— How to complete this task —
If a line in the listing carries the word "rule", return a copy of that line.

Provided material START

(* Let $\mathcal{R}_{\rm SW}$ be the family of all south-west quadrants. For $k=2$ and any $m \geq 2$, we do not have hitting $2$-cliques with respect to $\mathcal{R}_{\rm SW}$; that is, there exists a finite point set $V \subset \mathbb{R}^2$ such that for every collection of pairwise disjoint $2$-element subsets of $V$ some hyperedge of $\mathcal{H}(V,\mathcal{R}_{\rm SW},m)$ contains none of these subsets.
   Context: $\mathcal{R}_{\rm SW} = \{\{(x,y) : x \leq a,\ y \leq b\} : a,b \in \mathbb{R}\}$. For a finite $V \subset \mathbb{R}^2$, $\mathcal{H}(V,\mathcal{R},m)$ is the hypergraph on $V$ whose hyperedges are the sets $V \cap R$, $R \in \mathcal{R}$, of size exactly $m$. For fixed $k,m,\mathcal{R}$ we say we have hitting $k$-cliques if for every finite $V \subset \mathbb{R}^2$ there exist pairwise disjoint $k$-element subsets of $V$ such that every hyperedge of $\mathcal{H}(V,\mathcal{R},m)$ fully contains at least one of them. *)

theory Defs
  imports Main "HOL-Analysis.Analysis"
begin

definition SW_quadrants :: "(real \<times> real) set set" where
  "SW_quadrants = {{(x, y). x \<le> a \<and> y \<le> b} | a b. True}"

definition hyperedges :: "(real \<times> real) set \<Rightarrow> (real \<times> real) set set \<Rightarrow> nat \<Rightarrow> (real \<times> real) set set" where
  "hyperedges V \<R> m = {V \<inter> R | R. R \<in> \<R> \<and> card (V \<inter> R) = m}"

definition has_hitting_cliques :: "nat \<Rightarrow> nat \<Rightarrow> (real \<times> real) set set \<Rightarrow> bool" where
  "has_hitting_cliques k m \<R> \<longleftrightarrow>
     (\<forall>V. finite V \<longrightarrow>
        (\<exists>\<C>. (\<forall>C\<in>\<C>. C \<subseteq> V \<and> card C = k) \<and>
              (\<forall>C\<in>\<C>. \<forall>D\<in>\<C>. C \<noteq> D \<longrightarrow> C \<inter> D = {}) \<and>
              (\<forall>E\<in>hyperedges V \<R> m. \<exists>C\<in>\<C>. C \<subseteq> E)))"

end

(* Induction on m, for any clique size k >= 2 (the start m = 0 is V = {}).  Let V lie in the open
   square (0,c)^2 and defeat every disjoint family of k-sets for m-hyperedges.  Put a copy of V at
   (1, 1 + c) and one at (1 + c, 1), and add the apex p = (1/2, 1/2), which lies south-west of both.
   For every m-hyperedge E of V, p together with either copy of E is an (m+1)-hyperedge: the
   quadrant cutting out E, clamped to the square and translated, contains p and misses the other
   copy.  Hence, by the induction hypothesis for each copy, a disjoint family hitting all
   (m+1)-hyperedges has a member through p inside p plus the first copy and one inside p plus the
   second copy.  Disjointness makes them equal, so this member lies in {p}, contradicting k >= 2. *)
theory Submission
  imports Defs
begin

(* Unlike has_hitting_cliques, the cliques need not lie in the vertex set; this only strengthens
   the negative results below. *)
definition hitting_cliques :: "nat \<Rightarrow> 'a set set \<Rightarrow> 'a set set \<Rightarrow> bool" where
  "hitting_cliques k H \<C> \<longleftrightarrow> (\<forall>C\<in>\<C>. card C = k) \<and> disjoint \<C> \<and> (\<forall>E\<in>H. \<exists>C\<in>\<C>. C \<subseteq> E)"

lemma has_hitting_cliquesD:
  assumes "has_hitting_cliques k m \<R>" "finite V"
  obtains \<C> where "hitting_cliques k (hyperedges V \<R> m) \<C>"
proof -
  have "\<exists>\<C>. (\<forall>C\<in>\<C>. C \<subseteq> V \<and> card C = k) \<and> (\<forall>C\<in>\<C>. \<forall>D\<in>\<C>. C \<noteq> D \<longrightarrow> C \<inter> D = {}) \<and>
    (\<forall>E\<in>hyperedges V \<R> m. \<exists>C\<in>\<C>. C \<subseteq> E)"
    using assms unfolding has_hitting_cliques_def by blast
  then obtain \<C> where "\<forall>C\<in>\<C>. card C = k" "\<forall>C\<in>\<C>. \<forall>D\<in>\<C>. C \<noteq> D \<longrightarrow> C \<inter> D = {}"
    "\<forall>E\<in>hyperedges V \<R> m. \<exists>C\<in>\<C>. C \<subseteq> E"
    by (elim exE conjE) (rule that, auto)
  then have "hitting_cliques k (hyperedges V \<R> m) \<C>"
    unfolding hitting_cliques_def disjoint_def by blast
  then show thesis ..
qed

lemma hitting_clique_through_apex:
  assumes f: "bij f"
    and no_hit: "\<And>\<D>. \<not> hitting_cliques k H' \<D>"
    and cone: "\<And>E. E \<in> H' \<Longrightarrow> insert p (f ` E) \<in> H"
    and hit: "hitting_cliques k H \<C>"
  obtains C where "C \<in> \<C>" "p \<in> C" "C \<subseteq> insert p (f ` \<Union>H')"
proof -
  \<comment> \<open>Pulled back along f, the cliques all miss some E in H', so the clique covering
    insert p (f ` E) must contain p.\<close>
  let ?\<D> = "(\<lambda>C. f -` C) ` \<C>"
  have "inj f" "surj f" using f by (auto simp: bij_def)
  have "card (f -` C) = k" if "C \<in> \<C>" for C
    using hit that card_vimage_inj[OF \<open>inj f\<close>] \<open>surj f\<close> unfolding hitting_cliques_def by auto
  moreover have "disjoint ?\<D>"
  proof (rule disjointI)
    fix A B assume "A \<in> ?\<D>" "B \<in> ?\<D>" "A \<noteq> B"
    then obtain C D where "C \<in> \<C>" "D \<in> \<C>" "C \<noteq> D" "A = f -` C" "B = f -` D" by auto
    then show "A \<inter> B = {}"
      using hit disjointD[of \<C> C D] unfolding hitting_cliques_def by (simp flip: vimage_Int)
  qed
  ultimately obtain E where E: "E \<in> H'" and missed: "\<And>C. C \<in> \<C> \<Longrightarrow> \<not> f -` C \<subseteq> E"
    using no_hit[of ?\<D>] unfolding hitting_cliques_def by auto
  then obtain C where C: "C \<in> \<C>" "C \<subseteq> insert p (f ` E)"
    using hit cone unfolding hitting_cliques_def by blast
  have "p \<in> C"
  proof (rule ccontr)
    assume "p \<notin> C"
    then have "f -` C \<subseteq> f -` (f ` E)" using C(2) by auto
    with missed[OF C(1)] show False by (simp add: inj_vimage_image_eq[OF \<open>inj f\<close>])
  qed
  moreover have "C \<subseteq> insert p (f ` \<Union>H')" using C(2) E by blast
  ultimately show thesis using C(1) that by blast
qed

lemma Union_hyperedges_subset: "\<Union>(hyperedges V \<R> m) \<subseteq> V"
  unfolding hyperedges_def by blast

lemma hyperedgesI: "R \<in> \<R> \<Longrightarrow> card (V \<inter> R) = m \<Longrightarrow> V \<inter> R \<in> hyperedges V \<R> m"
  unfolding hyperedges_def by blast

definition SW_quadrant :: "real \<Rightarrow> real \<Rightarrow> (real \<times> real) set" where
  "SW_quadrant a b = {(x, y). x \<le> a \<and> y \<le> b}"

lemma SW_quadrants_iff: "R \<in> SW_quadrants \<longleftrightarrow> (\<exists>a b. R = SW_quadrant a b)"
  unfolding SW_quadrants_def SW_quadrant_def by blast

lemma translate_SW_quadrant:
  "(+) t ` SW_quadrant a b = SW_quadrant (a + fst t) (b + snd t)"
proof (rule set_eqI)
  fix x :: "real \<times> real"
  have "x \<in> (+) t ` SW_quadrant a b \<longleftrightarrow> x - t \<in> SW_quadrant a b"
    by (auto intro!: image_eqI[where x = "x - t"])
  then show "x \<in> (+) t ` SW_quadrant a b \<longleftrightarrow> x \<in> SW_quadrant (a + fst t) (b + snd t)"
    unfolding SW_quadrant_def by (auto simp: case_prod_unfold)
qed

lemma translate_Int_SW_quadrant:
  "(+) t ` (V \<inter> SW_quadrant a b) = (+) t ` V \<inter> SW_quadrant (a + fst t) (b + snd t)"
  unfolding image_Int[OF bij_is_inj[OF bij_plus]] translate_SW_quadrant ..

lemma open_square_memD:
  assumes "V \<subseteq> {0<..<c} \<times> {0<..<c}" "v \<in> V"
  shows "0 < fst v" "fst v < c" "0 < snd v" "snd v < c"
  using assms by (auto simp: mem_Times_iff)

lemma Int_SW_quadrant_clamp:
  assumes "V \<subseteq> {0<..<c} \<times> {0<..<c}"
  shows "V \<inter> SW_quadrant a b = V \<inter> SW_quadrant (max 0 (min a c)) (max 0 (min b c))"
proof -
  have "x \<le> a \<longleftrightarrow> x \<le> max 0 (min a c)" "y \<le> b \<longleftrightarrow> y \<le> max 0 (min b c)"
    if "(x, y) \<in> V" for x y
  proof -
    have "0 < x" "x < c" "0 < y" "y < c" using open_square_memD[OF assms that] by auto
    then show "x \<le> a \<longleftrightarrow> x \<le> max 0 (min a c)" "y \<le> b \<longleftrightarrow> y \<le> max 0 (min b c)"
      by (auto simp: max_def min_def)
  qed
  then show ?thesis unfolding SW_quadrant_def by auto
qed

lemma insert_translate_hyperedge:
  assumes E: "E \<in> hyperedges V SW_quadrants m"
    and V: "finite V" "V \<subseteq> {0<..<c} \<times> {0<..<c}" and c: "0 < c"
    and p: "p \<in> SW_quadrant (fst t) (snd t)"
    and U: "U \<inter> SW_quadrant (fst t + c) (snd t + c) = {}"
  shows "insert p ((+) t ` E) \<in> hyperedges (insert p ((+) t ` V \<union> U)) SW_quadrants (Suc m)"
proof -
  obtain a b where E_eq: "E = V \<inter> SW_quadrant a b" and card_E: "card E = m"
    using E unfolding hyperedges_def SW_quadrants_iff by blast
  \<comment> \<open>Clamping a, b to [0, c] keeps the trace on V, puts p into Q and keeps Q away from U.\<close>
  define Q where "Q = SW_quadrant (max 0 (min a c) + fst t) (max 0 (min b c) + snd t)"
  have "(+) t ` E = (+) t ` V \<inter> Q"
    unfolding Q_def E_eq Int_SW_quadrant_clamp[OF V(2), of a b] translate_Int_SW_quadrant ..
  moreover have "p \<in> Q" using p unfolding Q_def SW_quadrant_def by auto
  moreover have "Q \<subseteq> SW_quadrant (fst t + c) (snd t + c)"
    using c unfolding Q_def SW_quadrant_def by auto
  then have "U \<inter> Q = {}" using U by blast
  ultimately have Int_Q: "insert p ((+) t ` V \<union> U) \<inter> Q = insert p ((+) t ` E)" by auto
  have "fst p < fst (t + v)" if "v \<in> V" for v
    using p V(2) that unfolding SW_quadrant_def by (auto simp: case_prod_unfold subset_eq)
  then have "p \<notin> (+) t ` E" using E_eq by force
  moreover have "card ((+) t ` E) = m" using card_E by (simp add: card_image inj_on_def)
  ultimately have "card (insert p ((+) t ` E)) = Suc m"
    using V(1) E_eq by (simp add: card_insert_if)
  moreover have "Q \<in> SW_quadrants" unfolding Q_def SW_quadrants_iff by blast
  ultimately show ?thesis using hyperedgesI[of Q] Int_Q by metis
qed

definition apex_two_copies :: "real \<Rightarrow> (real \<times> real) set \<Rightarrow> (real \<times> real) set" where
  "apex_two_copies c V = insert (1/2, 1/2) ((+) (1, 1 + c) ` V \<union> (+) (1 + c, 1) ` V)"

lemma apex_two_copies_subset_box:
  assumes "V \<subseteq> {0<..<c} \<times> {0<..<c}" "0 < c"
  shows "apex_two_copies c V \<subseteq> {0<..<2 * c + 2} \<times> {0<..<2 * c + 2}"
  using assms unfolding apex_two_copies_def by (auto simp: subset_eq)

lemma translated_copies_disjoint:
  fixes c :: real
  assumes "V \<subseteq> {0<..<c} \<times> {0<..<c}"
  shows "(+) (1, 1 + c) ` V \<inter> (+) (1 + c, 1) ` V = {}"
proof -
  have "fst ((1, 1 + c) + v) < 1 + c" "1 + c < fst ((1 + c, 1) + v)" if "v \<in> V" for v
    using open_square_memD[OF assms that] by auto
  then show ?thesis by fastforce
qed

lemma apex_two_copies_no_hitting_cliques:
  assumes k: "2 \<le> k"
    and V: "finite V" "V \<subseteq> {0<..<c} \<times> {0<..<c}" and c: "0 < c"
    and no_hit: "\<And>\<D>. \<not> hitting_cliques k (hyperedges V SW_quadrants m) \<D>"
  shows "\<not> hitting_cliques k (hyperedges (apex_two_copies c V) SW_quadrants (Suc m)) \<C>"
proof
  assume hit: "hitting_cliques k (hyperedges (apex_two_copies c V) SW_quadrants (Suc m)) \<C>"
  define p :: "real \<times> real" where "p = (1/2, 1/2)"
  define tA :: "real \<times> real" where "tA = (1, 1 + c)"
  define tB :: "real \<times> real" where "tB = (1 + c, 1)"
  define A where "A = (+) tA ` V"
  define B where "B = (+) tB ` V"
  have "p \<in> SW_quadrant (fst tA) (snd tA)" "B \<inter> SW_quadrant (fst tA + c) (snd tA + c) = {}"
    using V(2) c unfolding p_def tA_def tB_def B_def SW_quadrant_def by (auto simp: subset_eq)
  then have "insert p ((+) tA ` E) \<in> hyperedges (apex_two_copies c V) SW_quadrants (Suc m)"
    if "E \<in> hyperedges V SW_quadrants m" for E
    using insert_translate_hyperedge[OF that V c]
    unfolding apex_two_copies_def p_def tA_def tB_def B_def by simp
  from hitting_clique_through_apex[OF bij_plus no_hit this hit]
  obtain CA where CA: "CA \<in> \<C>" "p \<in> CA" "CA \<subseteq> insert p ((+) tA ` \<Union>(hyperedges V SW_quadrants m))" .
  then have "CA \<subseteq> insert p A" using Union_hyperedges_subset unfolding A_def by blast
  have "p \<in> SW_quadrant (fst tB) (snd tB)" "A \<inter> SW_quadrant (fst tB + c) (snd tB + c) = {}"
    using V(2) c unfolding p_def tA_def tB_def A_def SW_quadrant_def by (auto simp: subset_eq)
  then have "insert p ((+) tB ` E) \<in> hyperedges (apex_two_copies c V) SW_quadrants (Suc m)"
    if "E \<in> hyperedges V SW_quadrants m" for E
    using insert_translate_hyperedge[OF that V c]
    unfolding apex_two_copies_def p_def tA_def tB_def A_def by (simp add: Un_commute)
  from hitting_clique_through_apex[OF bij_plus no_hit this hit]
  obtain CB where CB: "CB \<in> \<C>" "p \<in> CB" "CB \<subseteq> insert p ((+) tB ` \<Union>(hyperedges V SW_quadrants m))" .
  then have "CB \<subseteq> insert p B" using Union_hyperedges_subset unfolding B_def by blast
  have "CA = CB"
    using hit CA CB disjointD[of \<C> CA CB] unfolding hitting_cliques_def by blast
  then have "CA \<subseteq> {p}"
    using \<open>CA \<subseteq> insert p A\<close> \<open>CB \<subseteq> insert p B\<close> translated_copies_disjoint[OF V(2)]
    unfolding A_def B_def tA_def tB_def by blast
  then have "card CA \<le> 1" using card_mono[of "{p}" CA] by simp
  with hit CA(1) k show False unfolding hitting_cliques_def by auto
qed

lemma exists_SW_point_set_without_hitting_cliques:
  assumes k: "2 \<le> k"
  shows "\<exists>V c. finite V \<and> 0 < c \<and> V \<subseteq> {0<..<c} \<times> {0<..<c} \<and>
           (\<forall>\<C>. \<not> hitting_cliques k (hyperedges V SW_quadrants m) \<C>)"
proof (induction m)
  case 0
  have "{} \<in> hyperedges {} SW_quadrants 0"
    using hyperedgesI[of "SW_quadrant 0 0" SW_quadrants "{}" 0] by (auto simp: SW_quadrants_iff)
  then have "\<not> hitting_cliques k (hyperedges {} SW_quadrants 0) \<C>" for \<C>
    using k unfolding hitting_cliques_def by fastforce
  then show ?case by (intro exI[of _ "{}"] exI[of _ 1]) auto
next
  case (Suc m)
  then obtain V c where V: "finite V" "0 < c" "V \<subseteq> {0<..<c} \<times> {0<..<c}"
    and no_hit: "\<And>\<C>. \<not> hitting_cliques k (hyperedges V SW_quadrants m) \<C>"
    by blast
  show ?case
  proof (intro exI conjI allI)
    show "finite (apex_two_copies c V)" using V(1) unfolding apex_two_copies_def by simp
    show "apex_two_copies c V \<subseteq> {0<..<2 * c + 2} \<times> {0<..<2 * c + 2}"
      using apex_two_copies_subset_box[OF V(3,2)] .
    show "\<not> hitting_cliques k (hyperedges (apex_two_copies c V) SW_quadrants (Suc m)) \<C>" for \<C>
      using apex_two_copies_no_hitting_cliques[OF k V(1,3,2) no_hit] .
  qed (use V(2) in simp)
qed

theorem not_has_hitting_cliques_SW_quadrants:
  assumes "2 \<le> k"
  shows "\<not> has_hitting_cliques k m SW_quadrants"
proof
  obtain V where "finite V" and no_hit: "\<And>\<C>. \<not> hitting_cliques k (hyperedges V SW_quadrants m) \<C>"
    using exists_SW_point_set_without_hitting_cliques[OF assms] by blast
  assume "has_hitting_cliques k m SW_quadrants"
  with \<open>finite V\<close> no_hit show False by (auto elim: has_hitting_cliquesD)
qed

theorem corollary5:
  fixes m :: nat
  assumes "m \<ge> 2"
  shows "\<not> has_hitting_cliques 2 m SW_quadrants"
  by (rule not_has_hitting_cliques_SW_quadrants) simp

end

Provided material END

— Task output —
    by (elim exE conjE) (rule that, auto)
  proof (rule disjointI)
  proof (rule ccontr)
proof (rule set_eqI)
  by (rule not_has_hitting_cliques_SW_quadrants) simp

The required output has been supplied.